Fiscal Responsibility and Budget Management (FRBM) Act

By Sudheer Kumar K|Updated : November 2nd, 2020

Introduction

The large borrowings of the government during1980s had created difficulty in paying even for two weeks of imports resulting in the economic crisis of 1991. Consequently, Economic reforms were introduced in 1991 and fiscal consolidation was one of the key areas of reforms. Though it was a good start, later the fiscal consolidation faltered after 1997-98. The fiscal deficit started rising after 1997-98. Hence the Central Government introduced the Fiscal Responsibility and Budget Management (FRBM) Act, 2003 to check the deteriorating fiscal situation.

FRBM Act

  • The Act provides a legal institutional framework for fiscal consolidation.
  • The Act seeks to ensure inter-generational equity in fiscal management, long-run macroeconomic stability, better coordination between fiscal and monetary policy, and transparency in the fiscal operation of the Government.
  • It specifies annual reduction targets on the Central government’s fiscal indicators- debt and fiscal deficit etc.
  • It prohibits borrowing by the government from the Reserve Bank of India, thereby, making monetary policy independent of fiscal policy.
    • It restricted the Fiscal deficit to 3% of the GDP.
    • Required complete elimination of Revenue deficit.
  • It requires the government to lay before the parliament three policy statements in each financial year:
    1. Medium Term Fiscal Policy Statement (specifies the annual revenue and fiscal deficit goals over a three-year horizon)
    2. Fiscal Policy Strategy Statement and
    3. Macroeconomic Framework Policy Statement.
  • Escape Clause: As per Section 4(2) of the Act, the Centre can exceed the annual fiscal deficit target under certain exceptional cases:
    • National security
    • War
    • National calamity
    • Collapse of agriculture
    • Structural reforms
    • Decline in real output growth of a quarter by at least three percentage points below the average of the previous four quarters.
  • Centre invoked the escape clause twice so far in the following cases:
  1. The global financial crisis in 2008-09:
    • The government had to stimulate the economy with a huge fiscal deficit (6.2%) against the goal of 2.7%
  2. Budget 2020-21:
    • In 2019-20, the Government reduced Corporate Taxes from 30% to 22%:
    • Government cited this as structural reform and invoked ‘escape clause’ and increased the earlier fiscal deficit reduction target by 0.5% from 3.3% to 3.8% for 2019-20 as permitted by N.K. Singh Committee.
    • Finance Minister also mentioned the revision of the fiscal deficit target from 3% to 3.5% for the year 2020-21.
  • In order to impart fiscal discipline at the state level, the Twelfth Finance Commission incentivised states through conditional debt restructuring and interest rate relief for introducing Fiscal Responsibility Legislations (FRLs).

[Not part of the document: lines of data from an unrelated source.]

(* There exists an absolute constant $C>0$ such that for every number of items $m\ge2$ there exist a unit-demand value distribution $\mathcal{D}$ over $m$ items and a production cost vector $c\in\mathbb{R}_+^m$ with $$\textsc{BuyManyProfit}_c(\mathcal{D})\ \ge\ C\,m\,\textsc{SProfit}_c(\mathcal{D}),$$ i.e. $\textsc{BuyManyProfit}_c(\mathcal{D})=\Omega(m)\,\textsc{SProfit}_c(\mathcal{D})$.
   Context: Unit-demand buyer: valuation $v$ with $v_j\ge0$ per item, $v(S)=\max_{j\in S}v_j$. Lotteries $\lambda\in\Delta_m=\{\lambda\in[0,1]^m:\sum_j\lambda_j\le1\}$, $v(\lambda)=\sum_jv_j\lambda_j$. A pricing function $p$ assigns a price $p(\lambda)\ge0$ to every lottery; buyer $v$ chooses $\lambda_{v,p}\in\arg\max_\lambda(v(\lambda)-p(\lambda))$. $p$ is buy-many if no buyer type can get higher utility by adaptively purchasing a (random) sequence of lotteries (each depending on previous outcomes), receiving the union of allocated items and paying the sum of prices, than by buying a single lottery. An item pricing is a vector $(p_1,\dots,p_m)\in\mathbb{R}_+^m$, i.e. $p(\lambda)=\sum_jp_j\lambda_j$ with the buyer buying an item maximizing $v_j-p_j$ (if nonnegative). Given production costs $c\in\mathbb{R}_+^m$, the profit of pricing $p$ is $\textsc{Profit}_{p,c}(\mathcal{D})=\mathbb{E}_{v\sim\mathcal{D}}[p(\lambda_{v,p})-c\cdot\lambda_{v,p}]$; $\textsc{SProfit}_c(\mathcal{D})$ is the maximum profit over item pricings, and $\textsc{BuyManyProfit}_c(\mathcal{D})$ the maximum profit over buy-many pricings. *)

theory Defs
  imports "HOL-Probability.Probability"
begin

text \<open>Items are 0,...,m-1. A valuation is a function nat => real (only the
values at j < m matter). A lottery is a function nat => real vanishing outside
the items.\<close>

type_synonym valuation = "nat \<Rightarrow> real"
type_synonym lottery = "nat \<Rightarrow> real"
type_synonym pricing = "lottery \<Rightarrow> real"

definition lotteries :: "nat \<Rightarrow> lottery set" where
  "lotteries m = {l. (\<forall>j. 0 \<le> l j \<and> l j \<le> 1) \<and> (\<forall>j\<ge>m. l j = 0) \<and> (\<Sum>j<m. l j) \<le> 1}"

definition lval :: "nat \<Rightarrow> valuation \<Rightarrow> lottery \<Rightarrow> real" where
  "lval m v l = (\<Sum>j<m. v j * l j)"

definition setval :: "valuation \<Rightarrow> nat set \<Rightarrow> real" where
  "setval v S = (if S = {} then 0 else Max (v ` S))"
lemma prob_walk_pmf_translate_along_le:
  fixes E :: "(nat \<Rightarrow> int) set" and L t :: int
  assumes "L > 0" and residue_class: "\<And>y z. y \<in> E \<Longrightarrow> y + along l z \<in> E \<longleftrightarrow> L dvd z"
  shows "\<bar>measure_pmf.prob (walk_pmf k \<sigma> m) {p. p + along l t \<in> E} - measure_pmf.prob (walk_pmf k \<sigma> m) E\<bar>
         \<le> 1 / sqrt (\<beta> * (real m + 1))"
proof -
  let ?S = "skeleton_pmf k l \<beta> \<sigma> m" and ?B = "\<lambda>M. binomial_pmf M (1/2)"
  define Z where "Z Q = {z. Q + along l z \<in> E}" for Q
  define g where "g x = measure_pmf.prob (?B (snd x)) {h. int h + t \<in> Z (fst x)} -
      measure_pmf.prob (?B (snd x)) {h. int h \<in> Z (fst x)}" for x
  have int: "integrable (measure_pmf ?S) f" for f :: "_ \<Rightarrow> real"
    by (rule integrable_measure_pmf_finite[OF finite_set_pmf_skeleton_pmf])
  have prob: "measure_pmf.prob (walk_pmf k \<sigma> m) S =
      measure_pmf.expectation ?S (\<lambda>x. measure_pmf.prob (?B (snd x)) {h. fst x + along l (int h) \<in> S})" for S
    unfolding walk_pmf_eq_skeleton_pmf using finite_set_pmf_skeleton_pmf
    by (subst expectation_bind_pmf[where h = "indicator S", simplified]) (auto simp: split_beta vimage_def)
  have "measure_pmf.prob (walk_pmf k \<sigma> m) {p. p + along l t \<in> E} - measure_pmf.prob (walk_pmf k \<sigma> m) E =
      measure_pmf.expectation ?S g"
    unfolding prob g_def Z_def using int by (simp add: along_add add_ac)
  also have "\<bar>\<dots>\<bar> \<le> measure_pmf.expectation ?S (\<lambda>x. 1 / sqrt (real (snd x) + 1))"
  proof (rule order.trans[OF integral_abs_bound expectation_mono_pmf[OF finite_set_pmf_skeleton_pmf]])
    fix x :: "(nat \<Rightarrow> int) \<times> nat"
    have "z \<in> Z (fst x) \<Longrightarrow> z' \<in> Z (fst x) \<longleftrightarrow> L dvd z' - z" for z z'
      using residue_class[of "fst x + along l z" "z' - z"] by (simp add: Z_def add.assoc flip: along_add)
    then show "\<bar>g x\<bar> \<le> 1 / sqrt (real (snd x) + 1)"
      unfolding g_def by (rule binomial_half_translate_prob_diff[OF \<open>L > 0\<close>])
  qed
  also have "\<dots> = measure_pmf.expectation (binomial_pmf m \<beta>) (\<lambda>M. 1 / sqrt (real M + 1))"
    by (simp flip: map_snd_skeleton_pmf)
  also have "\<dots> \<le> 1 / sqrt (\<beta> * (real m + 1))"
    using coin_prob_bounds by (intro expectation_binomial_inverse_sqrt) auto
  finally show ?thesis .
qed
end

section \<open>Translating congruence events\<close>

definition joint_dvd_set :: "nat \<Rightarrow> int \<Rightarrow> int \<Rightarrow> (nat \<Rightarrow> int) \<Rightarrow> (nat \<Rightarrow> int) \<Rightarrow> (nat \<Rightarrow> int) set" where
  "joint_dvd_set k d e a b = {y. coords_dvd k d (a + y) \<and> coords_dvd k e (b + y)}"

lemma joint_dvd_set_add_along_iff:
  assumes "coprime d e" "0 < l" "l < k" "y \<in> joint_dvd_set k d e a b"
  shows "y + along l z \<in> joint_dvd_set k d e a b \<longleftrightarrow> d * e dvd z"
proof
  assume "y + along l z \<in> joint_dvd_set k d e a b"
  then have "d dvd (a l + y l) + z" "e dvd (b l + y l) + z"
    using assms(2,3) by (auto simp: joint_dvd_set_def coords_dvd_def along_def unit_vec_def add.assoc)
  moreover have "d dvd a l + y l" "e dvd b l + y l"
    using assms(3,4) by (auto simp: joint_dvd_set_def coords_dvd_def)
  ultimately show "d * e dvd z"
    using assms(1) by (meson dvd_add_right_iff divides_mult)
next
  assume "d * e dvd z"
  then have "d dvd along l z c" "e dvd along l z c" for c
    by (auto simp: along_def intro: dvd_mult2 dvd_mult_left)
  then show "y + along l z \<in> joint_dvd_set k d e a b"
    using assms(4) by (auto simp: joint_dvd_set_def coords_dvd_def add.assoc[symmetric])
qed

lemma sum_along_eq:
  assumes "(\<Sum>c<k. \<delta> c) = 0" "c < k"
  shows "(\<Sum>l\<in>{1..<k}. along l (\<delta> l) c) = \<delta> c"
proof (cases "c = 0")
  case True
  have "{..<k} = insert 0 {1..<k}"
    using assms(2) True by auto
  then have "(\<Sum>l\<in>{1..<k}. \<delta> l) = - \<delta> 0"
    using assms(1) by simp
  then show ?thesis
    using True by (simp add: along_def unit_vec_def sum_negf)
next
  case False
  then have "(\<Sum>l\<in>{1..<k}. along l (\<delta> l) c) = (\<Sum>l\<in>{1..<k}. if l = c then \<delta> l else 0)"
    by (intro sum.cong) (auto simp: along_def unit_vec_def)
  then show ?thesis
    using False assms(2) by simp
qed

context
  fixes k :: nat and \<beta> :: real and \<sigma> :: "nat \<Rightarrow> nat \<Rightarrow> real"
  assumes weights: "\<forall>i. weights_ge k \<beta> (\<sigma> i)"
begin

lemma prob_walk_pmf_translate_joint_dvd_set_le:
  fixes d e :: int
  assumes "d > 0" "e > 0" "coprime d e" "\<Lambda> \<subseteq> {1..<k}"
  shows "\<bar>measure_pmf.prob (walk_pmf k \<sigma> m)
            (joint_dvd_set k d e (\<lambda>c. a c + (\<Sum>l\<in>\<Lambda>. along l (z l) c)) (\<lambda>c. b c + (\<Sum>l\<in>\<Lambda>. along l (z l) c)))
          - measure_pmf.prob (walk_pmf k \<sigma> m) (joint_dvd_set k d e a b)\<bar>
         \<le> real (card \<Lambda>) / sqrt (\<beta> * (real m + 1))"
proof -
  have "finite \<Lambda>"
    using assms(4) finite_subset by blast
  then show ?thesis
    using assms(4)
  proof (induction \<Lambda> rule: finite_induct)
    case (insert l \<Lambda>)
    let ?P = "\<lambda>a b. measure_pmf.prob (walk_pmf k \<sigma> m) (joint_dvd_set k d e a b)"
    define a' where "a' = (\<lambda>c. a c + (\<Sum>l\<in>\<Lambda>. along l (z l) c))"
    define b' where "b' = (\<lambda>c. b c + (\<Sum>l\<in>\<Lambda>. along l (z l) c))"
    have l: "0 < l" "l < k"
      using insert.prems by auto
    have "joint_dvd_set k d e (\<lambda>c. a c + (\<Sum>l\<in>insert l \<Lambda>. along l (z l) c))
            (\<lambda>c. b c + (\<Sum>l\<in>insert l \<Lambda>. along l (z l) c)) =
          {p. p + along l (z l) \<in> joint_dvd_set k d e a' b'}"
      using insert.hyps by (auto simp: joint_dvd_set_def a'_def b'_def coords_dvd_def add_ac)
    moreover have "\<bar>measure_pmf.prob (walk_pmf k \<sigma> m) {p. p + along l (z l) \<in> joint_dvd_set k d e a' b'} - ?P a' b'\<bar>
        \<le> 1 / sqrt (\<beta> * (real m + 1))"
      using assms(1-3) l joint_dvd_set_add_along_iff
      by (intro prob_walk_pmf_translate_along_le[OF weights l, where L = "d * e"]) auto
    moreover have "\<bar>?P a' b' - ?P a b\<bar> \<le> real (card \<Lambda>) / sqrt (\<beta> * (real m + 1))"
      using insert unfolding a'_def b'_def by simp
    ultimately show ?case
      using insert.hyps by (simp add: add_divide_distrib)
  qed simp
qed

lemma prob_walk_pmf_translate_joint_dvd_set_sum_zero_le:
  fixes d e :: int
  assumes "d > 0" "e > 0" "coprime d e" "(\<Sum>c<k. \<delta> c) = 0"
  shows "\<bar>measure_pmf.prob (walk_pmf k \<sigma> m) (joint_dvd_set k d e (a + \<delta>) (b + \<delta>))
          - measure_pmf.prob (walk_pmf k \<sigma> m) (joint_dvd_set k d e a b)\<bar>
         \<le> real (k - 1) / sqrt (\<beta> * (real m + 1))"
proof -
  have "joint_dvd_set k d e (a + \<delta>) (b + \<delta>) =
      joint_dvd_set k d e (\<lambda>c. a c + (\<Sum>l\<in>{1..<k}. along l (\<delta> l) c)) (\<lambda>c. b c + (\<Sum>l\<in>{1..<k}. along l (\<delta> l) c))"
    using sum_along_eq[OF assms(4)] by (auto simp: joint_dvd_set_def coords_dvd_def)
  then show ?thesis
    using prob_walk_pmf_translate_joint_dvd_set_le[OF assms(1-3), of "{1..<k}" m a \<delta> b] by simp
qed

lemma prob_visible_pair_eq_sum:
  assumes "(\<Sum>c<k. x c) = int s" "s + m > 0" "w < k"
  shows "measure_pmf.prob (walk_pmf k \<sigma> m) {T. visible k (x + T) \<and> visible k (x + T + unit_vec w)} =
    (\<Sum>D\<in>Pow (prime_factors (int (s + m))). \<Sum>U\<in>Pow (prime_factors (int (Suc (s + m)))).
      (-1) ^ (card D + card U) * measure_pmf.prob (walk_pmf k \<sigma> m) (joint_dvd_set k (\<Prod>D) (\<Prod>U) x (x + unit_vec w)))"
proof -
  let ?W = "walk_pmf k \<sigma> m"
  let ?P\<^sub>1 = "prime_factors (int (s + m))" and ?P\<^sub>2 = "prime_factors (int (Suc (s + m)))"
  have adm: "\<forall>i. admissible_type k (\<sigma> i)"
    using weights by (simp add: weights_ge_def)
  have int: "integrable (measure_pmf ?W) f" for f :: "_ \<Rightarrow> real"
    by (rule integrable_measure_pmf_finite[OF finite_set_pmf_walk_pmf[OF adm]])
  have pointwise: "indicator {T. visible k (x + T) \<and> visible k (x + T + unit_vec w)} T =
      (\<Sum>D\<in>Pow ?P\<^sub>1. \<Sum>U\<in>Pow ?P\<^sub>2.
        (-1) ^ (card D + card U) * indicator (joint_dvd_set k (\<Prod>D) (\<Prod>U) x (x + unit_vec w)) T :: real)"
    if "T \<in> set_pmf ?W" for T
  proof -
    have sum_T: "(\<Sum>c<k. T c) = int m"
      using sum_set_pmf_walk_pmf[OF adm that] .
    have sum\<^sub>1: "(\<Sum>c<k. (x + T) c) = int (s + m)"
      and sum\<^sub>2: "(\<Sum>c<k. (x + T + unit_vec w) c) = int (Suc (s + m))"
      using assms sum_T sum_unit_vec[OF assms(3)] by (simp_all add: sum.distrib)
    have pointwise: "indicator {T. visible k (x + T) \<and> visible k (x + T + unit_vec w)} T =
        of_bool (visible k (x + T)) * (of_bool (visible k (x + T + unit_vec w)) :: real)"
      by (simp add: indicator_def)
    also have "\<dots> = (\<Sum>D\<in>Pow ?P\<^sub>1. (-1) ^ card D * of_bool (coords_dvd k (\<Prod>D) (x + T))) *
        (\<Sum>U\<in>Pow ?P\<^sub>2. (-1) ^ card U * of_bool (coords_dvd k (\<Prod>U) (x + T + unit_vec w)))"
      using assms(2) by (simp only: visible_indicator_eq_sum[OF sum\<^sub>1] visible_indicator_eq_sum[OF sum\<^sub>2])
    also have "\<dots> = (\<Sum>D\<in>Pow ?P\<^sub>1. \<Sum>U\<in>Pow ?P\<^sub>2.
        (-1) ^ (card D + card U) * indicator (joint_dvd_set k (\<Prod>D) (\<Prod>U) x (x + unit_vec w)) T)"
      unfolding sum_product
      by (intro sum.cong refl) (simp add: power_add indicator_def joint_dvd_set_def add_ac)
    finally show ?thesis .
  qed
  have "measure_pmf.prob ?W {T. visible k (x + T) \<and> visible k (x + T + unit_vec w)} =
      measure_pmf.expectation ?W (indicator {T. visible k (x + T) \<and> visible k (x + T + unit_vec w)})"
    by simp
  also have "\<dots> = measure_pmf.expectation ?W (\<lambda>T. \<Sum>D\<in>Pow ?P\<^sub>1. \<Sum>U\<in>Pow ?P\<^sub>2.
        (-1) ^ (card D + card U) * indicator (joint_dvd_set k (\<Prod>D) (\<Prod>U) x (x + unit_vec w)) T)"
    by (rule expectation_cong_pmf) (rule pointwise)
  also have "\<dots> = (\<Sum>D\<in>Pow ?P\<^sub>1. \<Sum>U\<in>Pow ?P\<^sub>2.
      (-1) ^ (card D + card U) * measure_pmf.prob ?W (joint_dvd_set k (\<Prod>D) (\<Prod>U) x (x + unit_vec w)))"
    by (simp only: Bochner_Integration.integral_sum int integral_mult_right_zero integral_indicator)
      simp
  finally show ?thesis .
qed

All the states have enacted their own FRLs.
  • The rules for implementing the FRBM Act were notified in July 2004. The rules were amended in 2018, and most recently to the setting of a target of 3.1% for March 2023.
  • NK Singh committee:
    • It was set up in 2016 to recommend that the government should target a fiscal deficit of 3% of the GDP in years up to March 31, 2020, reduce it to 2.8% in 2020-21 and to 2.5% by 2023.
    • It recommended the following targets:
      • Debt-to-GDP ratio of 38.7% for the central government, 20% for the state governments together,
      • Fiscal deficit target of 2.5% of the GDP
      • Revenue deficit of 0.8% reducing 0.25% points each year
      • Steady target of 3% from FY18 to FY20
      • Certain strict 'escape clauses' which will allow the govt. deviate from the target is 0.5%
      • Suggested the setting up of a ‘fiscal council’ an independent body, which monitors the government’s fiscal announcements for any given year.

Conclusion

Any Economy can have different internal and external challenges always but circumventing meeting the fiscal deficit reduction goals showing them as a reason is unwarranted. Also, the Government shall show commitment in implementing the N.K. Singh recommendations.